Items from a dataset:

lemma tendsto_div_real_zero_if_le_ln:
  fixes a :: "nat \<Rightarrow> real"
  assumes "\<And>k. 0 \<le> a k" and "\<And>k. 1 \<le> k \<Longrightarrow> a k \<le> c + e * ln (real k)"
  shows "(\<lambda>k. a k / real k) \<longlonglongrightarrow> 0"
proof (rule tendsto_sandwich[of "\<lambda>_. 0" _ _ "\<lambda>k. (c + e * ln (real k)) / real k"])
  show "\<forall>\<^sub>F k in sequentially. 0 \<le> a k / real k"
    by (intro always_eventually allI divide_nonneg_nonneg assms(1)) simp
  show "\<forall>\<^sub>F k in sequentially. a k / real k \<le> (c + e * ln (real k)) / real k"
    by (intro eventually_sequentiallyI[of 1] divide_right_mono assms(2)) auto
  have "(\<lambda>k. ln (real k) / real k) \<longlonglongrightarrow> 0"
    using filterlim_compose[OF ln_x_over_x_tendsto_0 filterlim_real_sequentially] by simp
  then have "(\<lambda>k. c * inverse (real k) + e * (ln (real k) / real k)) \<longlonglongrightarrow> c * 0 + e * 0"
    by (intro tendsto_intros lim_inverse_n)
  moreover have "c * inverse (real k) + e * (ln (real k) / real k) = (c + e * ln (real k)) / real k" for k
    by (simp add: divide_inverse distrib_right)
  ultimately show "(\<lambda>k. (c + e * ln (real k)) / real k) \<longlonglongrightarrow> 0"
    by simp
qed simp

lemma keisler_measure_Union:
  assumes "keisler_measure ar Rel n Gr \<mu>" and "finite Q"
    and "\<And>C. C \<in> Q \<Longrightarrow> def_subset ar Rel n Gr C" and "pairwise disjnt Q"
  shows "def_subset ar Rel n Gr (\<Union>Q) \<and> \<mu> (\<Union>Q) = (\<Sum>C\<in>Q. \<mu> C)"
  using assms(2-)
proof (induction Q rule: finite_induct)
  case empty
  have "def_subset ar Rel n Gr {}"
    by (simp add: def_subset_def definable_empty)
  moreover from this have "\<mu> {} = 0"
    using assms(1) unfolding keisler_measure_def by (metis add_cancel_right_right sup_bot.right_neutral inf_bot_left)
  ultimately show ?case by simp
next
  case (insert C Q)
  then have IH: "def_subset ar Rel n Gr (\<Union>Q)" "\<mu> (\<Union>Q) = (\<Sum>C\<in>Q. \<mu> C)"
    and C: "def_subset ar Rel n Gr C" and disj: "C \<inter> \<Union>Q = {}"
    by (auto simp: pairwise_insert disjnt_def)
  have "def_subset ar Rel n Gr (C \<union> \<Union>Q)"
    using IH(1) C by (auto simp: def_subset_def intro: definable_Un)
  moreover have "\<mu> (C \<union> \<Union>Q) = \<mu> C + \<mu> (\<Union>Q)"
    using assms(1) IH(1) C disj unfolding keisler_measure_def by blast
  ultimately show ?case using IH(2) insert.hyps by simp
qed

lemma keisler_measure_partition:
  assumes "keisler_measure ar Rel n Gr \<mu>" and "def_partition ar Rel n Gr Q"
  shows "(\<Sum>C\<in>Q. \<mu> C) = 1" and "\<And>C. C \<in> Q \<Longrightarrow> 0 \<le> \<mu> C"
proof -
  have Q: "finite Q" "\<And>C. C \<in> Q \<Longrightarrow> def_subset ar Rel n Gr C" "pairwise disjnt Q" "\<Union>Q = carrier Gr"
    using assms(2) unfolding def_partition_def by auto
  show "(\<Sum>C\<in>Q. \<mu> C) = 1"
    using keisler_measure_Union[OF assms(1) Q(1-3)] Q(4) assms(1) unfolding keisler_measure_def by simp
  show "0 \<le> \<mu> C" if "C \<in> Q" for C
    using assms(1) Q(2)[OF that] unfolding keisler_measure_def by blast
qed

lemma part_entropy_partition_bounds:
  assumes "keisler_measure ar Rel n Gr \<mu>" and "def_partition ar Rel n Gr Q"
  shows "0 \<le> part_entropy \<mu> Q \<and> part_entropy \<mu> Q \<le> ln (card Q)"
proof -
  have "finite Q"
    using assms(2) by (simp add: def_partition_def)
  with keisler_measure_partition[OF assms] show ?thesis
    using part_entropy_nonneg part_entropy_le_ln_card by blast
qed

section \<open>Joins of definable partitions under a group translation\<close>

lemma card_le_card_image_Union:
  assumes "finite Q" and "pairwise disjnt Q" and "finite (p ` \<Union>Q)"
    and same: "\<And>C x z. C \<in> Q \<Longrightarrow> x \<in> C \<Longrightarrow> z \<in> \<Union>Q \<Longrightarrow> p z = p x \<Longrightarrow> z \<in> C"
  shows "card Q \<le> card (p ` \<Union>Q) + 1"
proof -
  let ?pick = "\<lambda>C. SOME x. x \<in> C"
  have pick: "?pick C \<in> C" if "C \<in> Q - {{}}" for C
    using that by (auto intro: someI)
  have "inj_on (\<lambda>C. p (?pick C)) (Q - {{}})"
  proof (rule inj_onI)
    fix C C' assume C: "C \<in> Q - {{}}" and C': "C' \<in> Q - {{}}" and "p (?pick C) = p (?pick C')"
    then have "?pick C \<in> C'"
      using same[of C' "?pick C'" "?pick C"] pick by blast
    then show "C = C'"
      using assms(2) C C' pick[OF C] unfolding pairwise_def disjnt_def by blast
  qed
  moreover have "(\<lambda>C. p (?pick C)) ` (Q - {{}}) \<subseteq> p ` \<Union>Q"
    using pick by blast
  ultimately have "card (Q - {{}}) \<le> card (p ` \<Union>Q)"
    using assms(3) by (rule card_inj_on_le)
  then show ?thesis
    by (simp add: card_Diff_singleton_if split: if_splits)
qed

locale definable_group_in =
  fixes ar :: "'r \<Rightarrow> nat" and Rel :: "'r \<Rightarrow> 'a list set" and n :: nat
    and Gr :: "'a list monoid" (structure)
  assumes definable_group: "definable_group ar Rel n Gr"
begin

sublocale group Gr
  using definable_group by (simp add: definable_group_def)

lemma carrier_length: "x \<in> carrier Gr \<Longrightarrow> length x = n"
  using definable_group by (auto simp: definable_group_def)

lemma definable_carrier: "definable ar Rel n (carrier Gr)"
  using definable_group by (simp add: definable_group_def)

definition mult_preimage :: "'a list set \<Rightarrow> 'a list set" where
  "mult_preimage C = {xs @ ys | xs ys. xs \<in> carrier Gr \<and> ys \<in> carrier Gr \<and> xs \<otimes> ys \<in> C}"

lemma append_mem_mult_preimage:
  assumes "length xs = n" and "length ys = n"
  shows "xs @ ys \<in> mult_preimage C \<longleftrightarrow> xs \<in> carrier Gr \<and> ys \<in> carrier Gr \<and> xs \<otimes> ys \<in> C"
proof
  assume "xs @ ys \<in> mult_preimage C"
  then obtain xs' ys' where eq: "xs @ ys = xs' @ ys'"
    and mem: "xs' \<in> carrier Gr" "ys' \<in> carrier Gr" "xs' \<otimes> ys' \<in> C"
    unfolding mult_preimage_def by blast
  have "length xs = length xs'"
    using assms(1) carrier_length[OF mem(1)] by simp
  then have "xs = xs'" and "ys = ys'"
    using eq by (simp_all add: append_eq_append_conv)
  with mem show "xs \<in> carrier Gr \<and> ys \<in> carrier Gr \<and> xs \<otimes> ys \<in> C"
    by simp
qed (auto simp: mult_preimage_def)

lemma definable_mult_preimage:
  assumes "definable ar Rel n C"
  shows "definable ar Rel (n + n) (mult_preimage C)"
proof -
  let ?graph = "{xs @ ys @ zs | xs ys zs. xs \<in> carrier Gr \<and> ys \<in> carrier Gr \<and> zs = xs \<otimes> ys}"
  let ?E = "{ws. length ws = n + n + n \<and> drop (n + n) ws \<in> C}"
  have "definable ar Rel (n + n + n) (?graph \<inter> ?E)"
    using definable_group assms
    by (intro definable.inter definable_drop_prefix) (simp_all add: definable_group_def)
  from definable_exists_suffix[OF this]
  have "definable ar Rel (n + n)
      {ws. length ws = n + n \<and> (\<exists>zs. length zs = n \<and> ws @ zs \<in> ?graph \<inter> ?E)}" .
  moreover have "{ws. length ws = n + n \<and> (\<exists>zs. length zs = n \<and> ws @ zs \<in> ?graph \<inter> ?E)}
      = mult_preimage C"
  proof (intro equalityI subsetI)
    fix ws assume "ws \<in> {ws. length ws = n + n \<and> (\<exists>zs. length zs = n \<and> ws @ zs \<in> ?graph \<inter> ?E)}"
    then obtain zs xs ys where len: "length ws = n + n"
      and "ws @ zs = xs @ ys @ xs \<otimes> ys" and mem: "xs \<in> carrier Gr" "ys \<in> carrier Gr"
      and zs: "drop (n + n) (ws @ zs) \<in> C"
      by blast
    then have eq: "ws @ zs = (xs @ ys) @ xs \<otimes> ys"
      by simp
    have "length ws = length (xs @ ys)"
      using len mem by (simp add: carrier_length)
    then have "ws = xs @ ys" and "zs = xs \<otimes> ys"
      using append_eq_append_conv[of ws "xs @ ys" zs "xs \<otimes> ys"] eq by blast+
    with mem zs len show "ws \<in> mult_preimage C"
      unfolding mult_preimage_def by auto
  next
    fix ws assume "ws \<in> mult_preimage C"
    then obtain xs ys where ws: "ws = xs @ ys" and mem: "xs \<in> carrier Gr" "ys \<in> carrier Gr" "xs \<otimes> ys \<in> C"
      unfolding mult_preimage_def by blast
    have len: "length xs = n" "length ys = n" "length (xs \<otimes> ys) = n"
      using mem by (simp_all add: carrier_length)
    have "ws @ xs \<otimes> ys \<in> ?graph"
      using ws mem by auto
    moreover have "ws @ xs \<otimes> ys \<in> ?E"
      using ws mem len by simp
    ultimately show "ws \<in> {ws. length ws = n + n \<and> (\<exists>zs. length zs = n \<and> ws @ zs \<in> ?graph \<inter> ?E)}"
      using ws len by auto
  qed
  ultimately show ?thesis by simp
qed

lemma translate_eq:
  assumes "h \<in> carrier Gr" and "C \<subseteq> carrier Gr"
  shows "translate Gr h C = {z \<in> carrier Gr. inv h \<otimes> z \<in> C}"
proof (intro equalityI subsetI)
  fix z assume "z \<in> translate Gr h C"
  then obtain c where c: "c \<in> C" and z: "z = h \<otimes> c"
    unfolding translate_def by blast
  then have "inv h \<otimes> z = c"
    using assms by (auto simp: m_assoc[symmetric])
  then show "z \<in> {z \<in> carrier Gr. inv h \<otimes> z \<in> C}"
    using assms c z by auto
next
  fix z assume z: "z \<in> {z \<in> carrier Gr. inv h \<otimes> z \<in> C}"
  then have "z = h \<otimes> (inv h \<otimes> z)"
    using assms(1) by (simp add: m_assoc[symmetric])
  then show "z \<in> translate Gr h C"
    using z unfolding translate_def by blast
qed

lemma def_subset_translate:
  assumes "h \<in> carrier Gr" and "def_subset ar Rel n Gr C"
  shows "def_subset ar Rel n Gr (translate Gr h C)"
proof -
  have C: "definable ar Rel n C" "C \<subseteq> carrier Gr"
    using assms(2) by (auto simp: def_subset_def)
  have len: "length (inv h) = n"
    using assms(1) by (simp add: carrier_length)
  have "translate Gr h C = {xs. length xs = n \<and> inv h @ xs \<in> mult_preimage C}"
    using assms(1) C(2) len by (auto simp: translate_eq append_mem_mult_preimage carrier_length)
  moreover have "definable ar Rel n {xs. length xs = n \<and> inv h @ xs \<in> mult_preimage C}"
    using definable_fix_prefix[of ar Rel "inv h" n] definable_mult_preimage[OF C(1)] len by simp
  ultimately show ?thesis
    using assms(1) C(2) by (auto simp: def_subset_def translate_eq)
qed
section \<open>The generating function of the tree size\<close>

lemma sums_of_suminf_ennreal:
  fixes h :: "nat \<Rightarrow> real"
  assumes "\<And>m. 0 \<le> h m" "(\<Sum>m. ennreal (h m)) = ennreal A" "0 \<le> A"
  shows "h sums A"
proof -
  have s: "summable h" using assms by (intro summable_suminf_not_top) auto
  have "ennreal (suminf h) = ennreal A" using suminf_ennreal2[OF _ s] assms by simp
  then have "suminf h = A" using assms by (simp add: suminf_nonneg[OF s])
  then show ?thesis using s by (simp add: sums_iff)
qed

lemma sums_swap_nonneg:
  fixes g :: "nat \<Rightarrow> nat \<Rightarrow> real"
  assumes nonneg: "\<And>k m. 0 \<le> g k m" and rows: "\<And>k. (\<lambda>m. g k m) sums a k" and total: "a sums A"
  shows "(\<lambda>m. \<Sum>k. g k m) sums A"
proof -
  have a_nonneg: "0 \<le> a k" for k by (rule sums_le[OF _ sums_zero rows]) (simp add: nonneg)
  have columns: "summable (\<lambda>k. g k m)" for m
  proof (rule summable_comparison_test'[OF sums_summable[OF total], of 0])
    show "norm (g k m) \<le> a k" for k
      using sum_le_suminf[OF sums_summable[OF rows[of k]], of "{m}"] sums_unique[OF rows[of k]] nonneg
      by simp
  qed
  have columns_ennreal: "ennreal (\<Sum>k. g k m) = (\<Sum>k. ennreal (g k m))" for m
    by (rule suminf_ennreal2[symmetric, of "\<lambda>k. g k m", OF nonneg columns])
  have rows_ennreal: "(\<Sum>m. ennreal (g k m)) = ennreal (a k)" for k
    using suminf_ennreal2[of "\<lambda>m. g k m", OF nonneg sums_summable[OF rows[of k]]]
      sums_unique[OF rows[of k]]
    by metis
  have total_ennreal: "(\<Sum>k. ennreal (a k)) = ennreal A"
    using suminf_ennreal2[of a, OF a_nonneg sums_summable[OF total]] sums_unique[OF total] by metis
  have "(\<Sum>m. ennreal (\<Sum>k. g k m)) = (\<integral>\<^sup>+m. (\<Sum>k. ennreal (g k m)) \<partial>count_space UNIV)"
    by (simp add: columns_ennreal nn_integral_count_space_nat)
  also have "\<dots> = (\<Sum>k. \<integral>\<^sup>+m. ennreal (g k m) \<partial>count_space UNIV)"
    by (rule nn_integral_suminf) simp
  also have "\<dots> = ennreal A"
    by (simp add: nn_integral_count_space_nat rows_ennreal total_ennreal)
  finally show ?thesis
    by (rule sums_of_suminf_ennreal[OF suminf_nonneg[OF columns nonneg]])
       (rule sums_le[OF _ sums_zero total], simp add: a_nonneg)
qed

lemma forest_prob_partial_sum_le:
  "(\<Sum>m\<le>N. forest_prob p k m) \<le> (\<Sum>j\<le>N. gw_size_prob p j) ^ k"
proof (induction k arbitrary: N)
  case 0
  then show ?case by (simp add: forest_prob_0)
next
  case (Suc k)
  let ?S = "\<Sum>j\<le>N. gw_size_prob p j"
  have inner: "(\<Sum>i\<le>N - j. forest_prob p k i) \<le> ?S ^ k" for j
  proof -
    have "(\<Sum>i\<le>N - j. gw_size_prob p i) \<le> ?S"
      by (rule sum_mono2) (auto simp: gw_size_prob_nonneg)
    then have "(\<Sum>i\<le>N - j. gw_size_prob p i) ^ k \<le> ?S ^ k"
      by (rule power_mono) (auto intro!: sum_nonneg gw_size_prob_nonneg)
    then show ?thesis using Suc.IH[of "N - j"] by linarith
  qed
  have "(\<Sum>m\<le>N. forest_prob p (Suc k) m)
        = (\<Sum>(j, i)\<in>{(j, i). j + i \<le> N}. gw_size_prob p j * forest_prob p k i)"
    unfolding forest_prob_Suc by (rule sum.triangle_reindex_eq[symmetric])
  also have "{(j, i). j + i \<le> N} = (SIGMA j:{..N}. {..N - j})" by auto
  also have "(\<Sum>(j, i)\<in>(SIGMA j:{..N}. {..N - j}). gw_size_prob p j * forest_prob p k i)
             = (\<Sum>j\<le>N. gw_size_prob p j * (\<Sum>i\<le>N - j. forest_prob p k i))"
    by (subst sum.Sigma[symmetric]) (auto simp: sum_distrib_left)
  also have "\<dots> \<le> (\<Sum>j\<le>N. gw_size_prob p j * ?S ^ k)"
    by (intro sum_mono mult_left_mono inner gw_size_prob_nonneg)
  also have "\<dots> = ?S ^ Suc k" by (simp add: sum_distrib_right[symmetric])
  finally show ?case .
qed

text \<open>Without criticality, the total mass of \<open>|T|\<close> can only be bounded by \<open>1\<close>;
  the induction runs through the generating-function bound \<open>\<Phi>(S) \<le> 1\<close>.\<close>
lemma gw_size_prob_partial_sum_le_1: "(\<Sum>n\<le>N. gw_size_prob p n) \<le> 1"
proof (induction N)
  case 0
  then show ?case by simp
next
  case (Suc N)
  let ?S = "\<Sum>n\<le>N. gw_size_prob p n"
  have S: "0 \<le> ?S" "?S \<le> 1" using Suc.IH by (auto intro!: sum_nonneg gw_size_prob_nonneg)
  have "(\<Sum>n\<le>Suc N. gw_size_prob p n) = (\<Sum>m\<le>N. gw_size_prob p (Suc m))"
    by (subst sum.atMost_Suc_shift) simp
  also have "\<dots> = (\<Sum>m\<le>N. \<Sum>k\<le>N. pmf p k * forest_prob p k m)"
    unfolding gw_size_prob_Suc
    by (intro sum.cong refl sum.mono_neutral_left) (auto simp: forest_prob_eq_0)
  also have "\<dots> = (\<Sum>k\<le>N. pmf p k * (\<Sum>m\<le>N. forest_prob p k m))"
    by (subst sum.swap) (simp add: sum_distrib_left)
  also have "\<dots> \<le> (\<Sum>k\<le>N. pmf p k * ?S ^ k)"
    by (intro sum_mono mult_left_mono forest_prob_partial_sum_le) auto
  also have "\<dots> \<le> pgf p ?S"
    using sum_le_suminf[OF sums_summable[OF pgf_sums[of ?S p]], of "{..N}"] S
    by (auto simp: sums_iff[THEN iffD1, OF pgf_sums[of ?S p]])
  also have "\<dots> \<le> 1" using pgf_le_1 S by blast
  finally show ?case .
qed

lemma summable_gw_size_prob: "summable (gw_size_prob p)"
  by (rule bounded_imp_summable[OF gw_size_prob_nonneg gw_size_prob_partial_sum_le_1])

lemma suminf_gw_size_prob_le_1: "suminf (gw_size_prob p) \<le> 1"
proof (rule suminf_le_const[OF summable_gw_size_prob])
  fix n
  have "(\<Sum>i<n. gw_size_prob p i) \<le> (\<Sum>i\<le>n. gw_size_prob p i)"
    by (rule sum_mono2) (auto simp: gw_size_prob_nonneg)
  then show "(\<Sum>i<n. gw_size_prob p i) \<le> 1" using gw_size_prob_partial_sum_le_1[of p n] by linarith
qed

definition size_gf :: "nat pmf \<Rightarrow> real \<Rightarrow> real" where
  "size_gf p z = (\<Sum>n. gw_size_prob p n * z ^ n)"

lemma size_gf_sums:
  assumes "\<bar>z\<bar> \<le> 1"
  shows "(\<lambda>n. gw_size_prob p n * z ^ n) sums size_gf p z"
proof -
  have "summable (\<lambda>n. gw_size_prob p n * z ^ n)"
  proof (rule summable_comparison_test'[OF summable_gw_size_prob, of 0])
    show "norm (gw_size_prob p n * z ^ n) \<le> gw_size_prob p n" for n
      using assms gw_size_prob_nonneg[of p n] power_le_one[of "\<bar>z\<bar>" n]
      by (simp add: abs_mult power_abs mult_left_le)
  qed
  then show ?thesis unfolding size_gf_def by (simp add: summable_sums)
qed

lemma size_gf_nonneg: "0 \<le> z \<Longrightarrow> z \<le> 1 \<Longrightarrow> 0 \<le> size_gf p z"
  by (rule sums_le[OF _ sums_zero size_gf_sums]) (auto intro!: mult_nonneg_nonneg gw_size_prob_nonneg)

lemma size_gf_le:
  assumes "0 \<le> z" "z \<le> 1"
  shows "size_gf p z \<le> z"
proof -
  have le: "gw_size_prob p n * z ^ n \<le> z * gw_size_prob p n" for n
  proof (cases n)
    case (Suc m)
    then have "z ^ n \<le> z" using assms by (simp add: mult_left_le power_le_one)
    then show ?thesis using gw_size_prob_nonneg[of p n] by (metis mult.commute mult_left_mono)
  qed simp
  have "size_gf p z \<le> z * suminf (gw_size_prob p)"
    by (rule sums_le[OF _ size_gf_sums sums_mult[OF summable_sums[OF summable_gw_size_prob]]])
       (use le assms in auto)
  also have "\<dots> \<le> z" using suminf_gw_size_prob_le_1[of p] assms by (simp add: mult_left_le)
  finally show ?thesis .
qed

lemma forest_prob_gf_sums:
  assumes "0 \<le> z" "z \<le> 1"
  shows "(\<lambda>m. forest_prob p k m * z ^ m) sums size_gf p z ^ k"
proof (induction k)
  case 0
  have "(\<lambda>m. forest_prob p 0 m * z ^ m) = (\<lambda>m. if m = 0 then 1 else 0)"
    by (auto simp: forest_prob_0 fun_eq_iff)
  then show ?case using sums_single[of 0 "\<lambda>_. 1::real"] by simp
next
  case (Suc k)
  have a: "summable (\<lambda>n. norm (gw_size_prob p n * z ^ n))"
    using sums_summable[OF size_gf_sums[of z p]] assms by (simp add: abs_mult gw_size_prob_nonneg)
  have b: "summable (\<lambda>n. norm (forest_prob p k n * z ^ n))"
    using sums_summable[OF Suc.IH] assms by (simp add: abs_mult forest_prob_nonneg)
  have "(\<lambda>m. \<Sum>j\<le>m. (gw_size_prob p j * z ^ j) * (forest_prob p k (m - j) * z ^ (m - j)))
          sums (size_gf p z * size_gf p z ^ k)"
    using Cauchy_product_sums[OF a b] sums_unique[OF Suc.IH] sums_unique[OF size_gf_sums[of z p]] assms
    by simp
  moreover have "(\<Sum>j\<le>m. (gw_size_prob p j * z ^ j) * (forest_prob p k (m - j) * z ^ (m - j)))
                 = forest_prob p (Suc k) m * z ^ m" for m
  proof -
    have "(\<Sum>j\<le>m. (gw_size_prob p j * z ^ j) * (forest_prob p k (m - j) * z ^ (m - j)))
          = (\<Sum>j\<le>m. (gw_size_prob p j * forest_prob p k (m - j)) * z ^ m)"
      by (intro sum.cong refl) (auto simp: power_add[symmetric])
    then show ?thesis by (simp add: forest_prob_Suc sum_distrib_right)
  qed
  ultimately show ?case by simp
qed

> Problem to solve: All that should appear in the response is the run of lines from the first line of the entries through the line containing "Gr (C \<union>", copied exactly.

> Answer section:
lemma tendsto_div_real_zero_if_le_ln:
  fixes a :: "nat \<Rightarrow> real"
  assumes "\<And>k. 0 \<le> a k" and "\<And>k. 1 \<le> k \<Longrightarrow> a k \<le> c + e * ln (real k)"
  shows "(\<lambda>k. a k / real k) \<longlonglongrightarrow> 0"
proof (rule tendsto_sandwich[of "\<lambda>_. 0" _ _ "\<lambda>k. (c + e * ln (real k)) / real k"])
  show "\<forall>\<^sub>F k in sequentially. 0 \<le> a k / real k"
    by (intro always_eventually allI divide_nonneg_nonneg assms(1)) simp
  show "\<forall>\<^sub>F k in sequentially. a k / real k \<le> (c + e * ln (real k)) / real k"
    by (intro eventually_sequentiallyI[of 1] divide_right_mono assms(2)) auto
  have "(\<lambda>k. ln (real k) / real k) \<longlonglongrightarrow> 0"
    using filterlim_compose[OF ln_x_over_x_tendsto_0 filterlim_real_sequentially] by simp
  then have "(\<lambda>k. c * inverse (real k) + e * (ln (real k) / real k)) \<longlonglongrightarrow> c * 0 + e * 0"
    by (intro tendsto_intros lim_inverse_n)
  moreover have "c * inverse (real k) + e * (ln (real k) / real k) = (c + e * ln (real k)) / real k" for k
    by (simp add: divide_inverse distrib_right)
  ultimately show "(\<lambda>k. (c + e * ln (real k)) / real k) \<longlonglongrightarrow> 0"
    by simp
qed simp

lemma keisler_measure_Union:
  assumes "keisler_measure ar Rel n Gr \<mu>" and "finite Q"
    and "\<And>C. C \<in> Q \<Longrightarrow> def_subset ar Rel n Gr C" and "pairwise disjnt Q"
  shows "def_subset ar Rel n Gr (\<Union>Q) \<and> \<mu> (\<Union>Q) = (\<Sum>C\<in>Q. \<mu> C)"
  using assms(2-)
proof (induction Q rule: finite_induct)
  case empty
  have "def_subset ar Rel n Gr {}"
    by (simp add: def_subset_def definable_empty)
  moreover from this have "\<mu> {} = 0"
    using assms(1) unfolding keisler_measure_def by (metis add_cancel_right_right sup_bot.right_neutral inf_bot_left)
  ultimately show ?case by simp
next
  case (insert C Q)
  then have IH: "def_subset ar Rel n Gr (\<Union>Q)" "\<mu> (\<Union>Q) = (\<Sum>C\<in>Q. \<mu> C)"
    and C: "def_subset ar Rel n Gr C" and disj: "C \<inter> \<Union>Q = {}"
    by (auto simp: pairwise_insert disjnt_def)
  have "def_subset ar Rel n Gr (C \<union> \<Union>Q)"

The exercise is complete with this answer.